How big is the 1-minute stereo PCM data with sampling rate of 44.1KHz and bit depth of 16bit?
- Sampling rate * bit depth * number of channels * time
- 44100 * 16 * 2 * 60 / 8 ≈ 10.34MB
10.34mb per minute, which is unacceptable to most users. There are only two ways to reduce the size of audio data without changing the audio duration: reducing the sampling index and compression. It is not advisable to reduce the sampling index, which will lead to the decline of audio quality and poor user experience. Therefore, experts have developed various compression schemes.
Bit rate(bit rate) refers to the number of bits transmitted or processed per unit time. The unit is: bits per second (bit / s or BPS), and kilobits per second (kbit / s or kbps), megabits per second (Mbit / s or Mbps), gigabits per second (Gbit / s or Gbps), terabits per second (Tbit / s or TBPs).
What is the bit rate of stereo PCM data with sampling rate of 44.1KHz and bit depth of 16bit?
- Sampling rate * bit depth * number of channels
- 44100 * 16 * 2 = 1411.2Kbps
Generally, the higher the sampling rate and bit depth, the better the quality of digital audio. It can be seen from the calculation formula of bit rate that the higher the bit rate, the better the quality of digital audio.
Common audio coding and file formats
It should be noted that:Audio file format is not equal to audio coding。 For example:
WAVIt’s just a file format, not an encoding
FLACIt is both a file format and an encoding
The following is a brief introduction to common audio coding and file formats, which will be introduced in detail when necessary in the future.

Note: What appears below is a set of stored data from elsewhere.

lemma input_windows_insert:
  "input_windows m K (insert (x, u, T) S) = window m K u ` {c. c + K \<le> T} \<union> input_windows m K S"
  by (simp add: input_windows_def)

lemma state_input_windows_insert:
  "state_input_windows n m L (insert (x, u, T) S)
    = (\<lambda>c. window n 1 x c @\<^sub>v window m L u c) ` {c. c + L \<le> T} \<union> state_input_windows n m L S"
  by (simp add: state_input_windows_def)

lemma state_input_windows_subset: "state_input_windows n m L S \<subseteq> carrier_vec (n + m * L)"
  using window_carrier[of n 1] window_carrier[of m L]
  unfolding state_input_windows_def by (force intro: append_carrier_vec)

lemma block_index [simp]:
  fixes s i m K :: nat
  assumes "i < m"
  shows "(s * m + i) div m = s" and "(s * m + i) mod m = i" and "s < K \<Longrightarrow> s * m + i < m * K"
proof -
  show "(s * m + i) div m = s" using assms by auto
  show "(s * m + i) mod m = i" using assms by auto
  assume "s < K"
  hence "(s + 1) * m \<le> K * m" by (intro mult_le_mono1) simp
  moreover have "s * m + i < (s + 1) * m" using assms by simp
  ultimately show "s * m + i < m * K" by (simp add: mult.commute)
qed

context
  fixes A B :: "real mat" and n m L :: nat
    and S :: "((nat \<Rightarrow> real vec) \<times> (nat \<Rightarrow> real vec) \<times> nat) set"
    and \<xi> :: "real vec" and h :: "nat \<Rightarrow> int \<Rightarrow> real"
  assumes A: "A \<in> carrier_mat n n" and B: "B \<in> carrier_mat n m" and L: "1 \<le> L"
    and traj: "\<And>x u T. (x, u, T) \<in> S \<Longrightarrow> trajectory A B x u T"
    and pe: "orth_compl (m * (L + n)) (input_windows m (L + n) S) = {0\<^sub>v (m * (L + n))}"
    and \<xi>: "\<xi> \<in> carrier_vec n"
    and rel: "\<And>x u T c. (x, u, T) \<in> S \<Longrightarrow> c + L \<le> T \<Longrightarrow>
                \<xi> \<bullet> x c + (\<Sum>b<L. \<Sum>i<m. h i (int b) * u (c + b) $ i) = 0"
    and past: "\<And>i l. i < m \<Longrightarrow> h i (- int l - 1) = \<xi> \<bullet> (A ^\<^sub>m l *\<^sub>v col B i)"
    and future: "\<And>i t. t \<ge> int L \<Longrightarrow> h i t = 0"
begin
lemma sum_add_prob_containing:
  assumes "wmax w k \<noteq> wmin w d k" and "add_norm \<epsilon> w d k \<noteq> 0" and "k \<le> d"
    and "(\<Sum>j=1..d. v j) = Wtot w d" and "j \<in> {1..d}"
  shows "(\<Sum>S\<in>{S\<in>ksubsets d k. j \<in> S}. add_prob \<epsilon> w d k v S)
    = real k / real d
      * ((exp \<epsilon> - 1) * (v j + (real k - 1) / (real d - 1) * (Wtot w d - v j) - wmin w d k)
         + (wmax w k - wmin w d k))
      / add_norm \<epsilon> w d k"
proof -
  let ?N = "real (d choose k)" and ?Kj = "{S\<in>ksubsets d k. j \<in> S}"
  have Kj: "?Kj = {S. S \<subseteq> {1..d} \<and> card S = k \<and> j \<in> S}"
    by (auto simp: ksubsets_def)
  have score_sum: "(\<Sum>S\<in>?Kj. \<Sum>i\<in>S. v i)
      = real k / real d * ?N * (v j + (real k - 1) / (real d - 1) * (Wtot w d - v j))"
    using sum_subsets_containing_sum[where A="{1..d}" and m=k and f=v] assms(4,5) by (simp add: Kj)
  have card: "real (card ?Kj) = real k / real d * ?N"
    using card_subsets_containing[where A="{1..d}" and m=k] assms(5) by (simp add: Kj)
  have "(\<Sum>S\<in>?Kj. add_prob \<epsilon> w d k v S)
      = (\<Sum>S\<in>?Kj. (exp \<epsilon> - 1) * ((\<Sum>i\<in>S. v i) - wmin w d k) + (wmax w k - wmin w d k))
        / (?N * add_norm \<epsilon> w d k)"
    by (simp add: add_prob_eq[OF assms(1)] sum_divide_distrib)
  also have "(\<Sum>S\<in>?Kj. (exp \<epsilon> - 1) * ((\<Sum>i\<in>S. v i) - wmin w d k) + (wmax w k - wmin w d k))
      = ?N * (real k / real d
        * ((exp \<epsilon> - 1) * (v j + (real k - 1) / (real d - 1) * (Wtot w d - v j) - wmin w d k)
           + (wmax w k - wmin w d k)))"
    by (simp add: sum.distrib sum_subtractf card score_sum flip: sum_distrib_left)
      (simp add: algebra_simps divide_inverse)
  finally show ?thesis using assms(3) by simp
qed
lemma to_mat_mult: "to_mat h (B ** B') = to_mat h B * to_mat h B'"
proof (rule eq_matI)
  fix i j assume "i < dim_row (to_mat h B * to_mat h B')" "j < dim_col (to_mat h B * to_mat h B')"
  then have ij: "i < CARD('n)" "j < CARD('n)" by (simp_all add: to_mat_def)
  have "(to_mat h B * to_mat h B') $$ (i, j)
      = (\<Sum>k\<in>{0..<CARD('n)}. complex_of_real (B $ h i $ h k * B' $ h k $ h j))"
    using ij by (simp add: to_mat_def scalar_prod_def)
  also have "\<dots> = to_mat h (B ** B') $$ (i, j)"
    using ij by (simp add: to_mat_def matrix_matrix_mult_def sum_reindex)
  finally show "to_mat h (B ** B') $$ (i, j) = (to_mat h B * to_mat h B') $$ (i, j)" ..
qed (simp_all add: to_mat_def)

lemma to_mat_one: "to_mat h (mat 1) = 1\<^sub>m CARD('n)"
proof (rule eq_matI)
  fix i j assume "i < dim_row (1\<^sub>m CARD('n))" "j < dim_col (1\<^sub>m CARD('n) :: complex Matrix.mat)"
  moreover from this have "h i = h j \<longleftrightarrow> i = j"
    using h unfolding bij_betw_def inj_on_def by auto
  ultimately show "to_mat h (mat 1) $$ (i, j) = 1\<^sub>m CARD('n) $$ (i, j)"
    by (simp add: to_mat_def Finite_Cartesian_Product.mat_def)
qed (simp_all add: to_mat_def)

lemma to_mat_matpow: "to_mat h (matpow B k) = to_mat h B ^\<^sub>m k"
  by (induction k) (simp_all add: to_mat_one to_mat_mult carrier_matD[OF to_mat_carrier])

lemma eigenvector_of_to_mat:
  assumes "eigenvalue (to_mat h B) e"
  shows "\<exists>w. w \<noteq> 0 \<and> map_matrix complex_of_real B *v w = e *s w"
proof -
  from assms obtain v where v: "v \<in> carrier_vec CARD('n)" "v \<noteq> 0\<^sub>v CARD('n)" "to_mat h B *\<^sub>v v = e \<cdot>\<^sub>v v"
    unfolding eigenvalue_def eigenvector_def by (auto simp: to_mat_def)
  define w where "w = (\<chi> a. vec_index v (h' a))"
  have "w \<noteq> 0"
  proof
    assume "w = 0"
    then have "vec_index v k = 0" if "k < CARD('n)" for k
      using that h'_h unfolding w_def by (metis vec_lambda_beta zero_index)
    then show False using v(1,2) by (auto intro: eq_vecI)
  qed
  moreover have "(map_matrix complex_of_real B *v w) $ a = e * w $ a" for a
  proof -
    have "(map_matrix complex_of_real B *v w) $ a = (\<Sum>b\<in>UNIV. complex_of_real (B $ a $ b) * w $ b)"
      by (simp add: matrix_vector_mult_def)
    also have "\<dots> = (\<Sum>k\<in>{0..<CARD('n)}. complex_of_real (B $ a $ h k) * vec_index v k)"
      unfolding sum_reindex w_def using h'_h by (intro sum.cong) auto
    also have "\<dots> = vec_index (to_mat h B *\<^sub>v v) (h' a)"
      using h'_less h_h' v(1) by (simp add: to_mat_def scalar_prod_def)
    finally show ?thesis using v(3) h'_less v(1) by (simp add: w_def)
  qed
  ultimately show ?thesis
    by (auto simp: vec_eq_iff)
qed

lemma eigenvalue_to_matI:
  assumes w: "w \<noteq> 0" "map_matrix complex_of_real B *v w = e *s w"
  shows "eigenvalue (to_mat h B) e"
proof -
  define v where "v = Matrix.vec CARD('n) (\<lambda>k. w $ h k)"
  have "v \<noteq> 0\<^sub>v CARD('n)"
  proof
    assume "v = 0\<^sub>v CARD('n)"
    then have "w $ a = 0" for a using h'_less[of a] h_h'[of a] unfolding v_def
      by (metis index_vec index_zero_vec(1))
    then show False using w(1) by (simp add: vec_eq_iff)
  qed
  moreover have "to_mat h B *\<^sub>v v = e \<cdot>\<^sub>v v"
  proof (rule eq_vecI)
    fix k assume "k < dim_vec (e \<cdot>\<^sub>v v)"
    then have k: "k < CARD('n)" by (simp add: v_def)
    have "vec_index (to_mat h B *\<^sub>v v) k = (map_matrix complex_of_real B *v w) $ h k"
      using k by (simp add: to_mat_def scalar_prod_def v_def matrix_vector_mult_def sum_reindex)
    then show "vec_index (to_mat h B *\<^sub>v v) k = vec_index (e \<cdot>\<^sub>v v) k"
      using k w(2) by (simp add: v_def)
  qed (simp add: to_mat_def v_def)
  moreover have "v \<in> carrier_vec CARD('n)"
    by (simp add: v_def)
  ultimately show ?thesis
    unfolding eigenvalue_def eigenvector_def using carrier_matD(1)[OF to_mat_carrier, of h B] by auto
qed

lemma eigenvalue_to_mat_iff:
  "eigenvalue (to_mat h B) e \<longleftrightarrow> (\<exists>w. w \<noteq> 0 \<and> map_matrix complex_of_real B *v w = e *s w)"
  using eigenvector_of_to_mat eigenvalue_to_matI by blast

lemma spectral_radius_to_mat: "spectral_radius B = Spectral_Radius.spectral_radius (to_mat h B)"
proof -
  have "{cmod z |z. \<exists>v. v \<noteq> 0 \<and> map_matrix complex_of_real B *v v = z *s v}
      = norm ` spectrum (to_mat h B)"
    by (auto simp: spectrum_def eigenvalue_to_mat_iff intro!: image_eqI)
  then show ?thesis
    unfolding Defs.spectral_radius_def Spectral_Radius.spectral_radius_def by (rule arg_cong)
qed

lemma norm_bound_to_mat: "norm_bound (to_mat h B) b \<Longrightarrow> \<bar>B $ i $ j\<bar> \<le> b"
  unfolding norm_bound_def using h'_less h_h' carrier_matD[OF to_mat_carrier, of h B]
  by (metis norm_of_real to_mat_def index_mat(1) case_prod_conv)

end

lemma spectral_radius_attained:
  obtains z v where "v \<noteq> 0" "map_matrix complex_of_real B *v v = z *s v"
    "cmod z = spectral_radius (B :: real^'n^'n)"
proof -
  obtain h :: "nat \<Rightarrow> 'n" where h: "bij_betw h {0..<CARD('n)} UNIV"
    using ex_bij_betw_nat_finite[of "UNIV :: 'n set"] by auto
  have "spectral_radius B \<in> norm ` spectrum (to_mat h B)"
    unfolding spectral_radius_to_mat[OF h] by (rule spectral_radius_mem_max(1)[OF to_mat_carrier]) simp
  then show ?thesis
    using that by (auto simp: spectrum_def eigenvalue_to_mat_iff[OF h])
qed

lemma eigenvalue_le_spectral_radius:
  assumes "v \<noteq> 0" "map_matrix complex_of_real B *v v = z *s v"
  shows "cmod z \<le> spectral_radius (B :: real^'n^'n)"
proof -
  obtain h :: "nat \<Rightarrow> 'n" where h: "bij_betw h {0..<CARD('n)} UNIV"
    using ex_bij_betw_nat_finite[of "UNIV :: 'n set"] by auto
  have "cmod z \<in> norm ` spectrum (to_mat h B)"
    using assms eigenvalue_to_mat_iff[OF h, of B z] by (auto simp: spectrum_def)
  then show ?thesis
    unfolding spectral_radius_to_mat[OF h] using spectral_radius_mem_max(2)[OF to_mat_carrier] by simp
qed

lemma spectral_radius_scaleR:
  assumes "0 < c"
  shows "spectral_radius (c *\<^sub>R B) = c * spectral_radius B"
proof (rule antisym)
  obtain z v where v: "v \<noteq> 0" "map_matrix complex_of_real (c *\<^sub>R B) *v v = z *s v"
    and z: "cmod z = spectral_radius (c *\<^sub>R B)"
    by (rule spectral_radius_attained)
  have "map_matrix complex_of_real B *v v = (z / complex_of_real c) *s v"
    using v(2) assms by (simp add: map_matrix_scaleR_mult vec_eq_iff field_simps)
  then have "cmod (z / complex_of_real c) \<le> spectral_radius B"
    by (rule eigenvalue_le_spectral_radius[OF v(1)])
  then have "cmod z / c \<le> spectral_radius B"
    using assms by (simp add: norm_divide)
  then show "spectral_radius (c *\<^sub>R B) \<le> c * spectral_radius B"
    using z assms by (simp add: field_simps)
next
  obtain z v where v: "v \<noteq> 0" "map_matrix complex_of_real B *v v = z *s v"
    and z: "cmod z = spectral_radius B"
    by (rule spectral_radius_attained)
  have "map_matrix complex_of_real (c *\<^sub>R B) *v v = (complex_of_real c * z) *s v"
    using v(2) by (simp add: map_matrix_scaleR_mult vec_eq_iff)
  then have "cmod (complex_of_real c * z) \<le> spectral_radius (c *\<^sub>R B)"
    by (rule eigenvalue_le_spectral_radius[OF v(1)])
  then show "c * spectral_radius B \<le> spectral_radius (c *\<^sub>R B)"
    using z assms by (simp add: norm_mult)
qed

lemma matpow_bounded:
  fixes B :: "real^'n^'n"
  assumes "spectral_radius B < 1"
  obtains b where "\<And>k i j. \<bar>matpow B k $ i $ j\<bar> \<le> b"
proof -
  obtain h :: "nat \<Rightarrow> 'n" where h: "bij_betw h {0..<CARD('n)} UNIV"
    using ex_bij_betw_nat_finite[of "UNIV :: 'n set"] by auto
  obtain as where "char_poly (to_mat h B) = (\<Prod>a\<leftarrow>as. [:- a, 1:])"
    using char_poly_factorized[OF to_mat_carrier] by blast
  then obtain b where b: "\<And>k. norm_bound (to_mat h B ^\<^sub>m k) b"
    using spectral_radius_jnf_norm_bound_less_1[OF to_mat_carrier _ jordan_nf_exists[OF to_mat_carrier]]
      assms spectral_radius_to_mat[OF h] by metis
  show ?thesis
    using that norm_bound_to_mat[OF h] b unfolding to_mat_matpow[OF h, symmetric] by blast
qed

text \<open>For \<open>\<rho>(A) < r < 1\<close> the powers of \<open>A / r\<close> are bounded, so those of \<open>A\<close> decay like \<open>r\<^sup>k\<close>.\<close>

lemma matpow_tendsto_zero:
  assumes "spectral_radius A < 1"
  shows "(\<lambda>k. matpow A k $ i $ j) \<longlonglongrightarrow> 0"
proof -
  define r where "r = (max (spectral_radius A) 0 + 1) / 2"
  have r: "0 < r" "r < 1" "spectral_radius A < r"
    using assms by (auto simp: r_def)
  have "spectral_radius ((1 / r) *\<^sub>R A) < 1"
    using r by (simp add: spectral_radius_scaleR field_simps)
  then obtain b where b: "\<And>k. \<bar>matpow ((1 / r) *\<^sub>R A) k $ i $ j\<bar> \<le> b"
    using matpow_bounded by metis
  have "\<bar>matpow A k $ i $ j\<bar> \<le> b * r ^ k" for k
  proof -
    have "matpow A k = r ^ k *\<^sub>R matpow ((1 / r) *\<^sub>R A) k"
      using r(1) by (simp add: matpow_scaleR power_one_over flip: power_mult_distrib)
    then show ?thesis
      using b[of k] r(1) by (simp add: abs_mult mult.commute mult_left_mono)
  qed
  moreover have "(\<lambda>k. b * r ^ k) \<longlonglongrightarrow> 0"
    using r by (intro tendsto_mult_right_zero LIMSEQ_realpow_zero) auto
  ultimately show ?thesis
    using Lim_null_comparison[OF always_eventually, of "\<lambda>k. matpow A k $ i $ j" "\<lambda>k. b * r ^ k"]
    by simp
qed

|name||lossless compression||File extension|
|FLAC（Free Lossless Audio Codec）||✔️||.flac|
|ALAC（Apple Lossless Audio Codec）||✔️||.m4a/.caf|
|MP3（MPEG Audio Layer III）||❌||.mp3|
|WMA（Windows Media Audio）||❌||.wma|
|AAC（Advanced Audio Coding）||❌||.acc/.mp4/.m4a|
|WAV（Waveform Audio File Format）||.wav|
|AIFF（Audio Interchange File Format）||.aiff、.aif|
Wav (waveform audio file format) is an audio file format developed by IBM and Microsoft. The extension is.wav, PCM coding is usually adopted, which is commonly used in Windows system.
Wav file formatAs shown in the figure below, there is a 44 byte file header in front, followed by audio data (such as PCM data).
Lossy and lossless
According to the sampling rate and bit depth, compared with the signals in nature, audio coding can only be infinitely close at most. Any digital audio coding scheme is lossy because it can not be completely restored. At present, the highest fidelity level can be achieved by PCM coding. Therefore, PCM is conventionally calledUndamagedAudio coding is widely used for material preservation and music appreciation, CD, DVD and commonWAVIt is applied in all documents.
However, it does not mean that PCM can ensure the absolute fidelity of the signal, and PCM can only achieve infinite proximity to the greatest extent. We habitually include MP3DamagingThe category of audio coding is relative to PCM coding. It is difficult to be truly lossless, just like using numbers to express the PI. No matter how high the accuracy is, it is only infinitely close, not really equal to the value of the PI.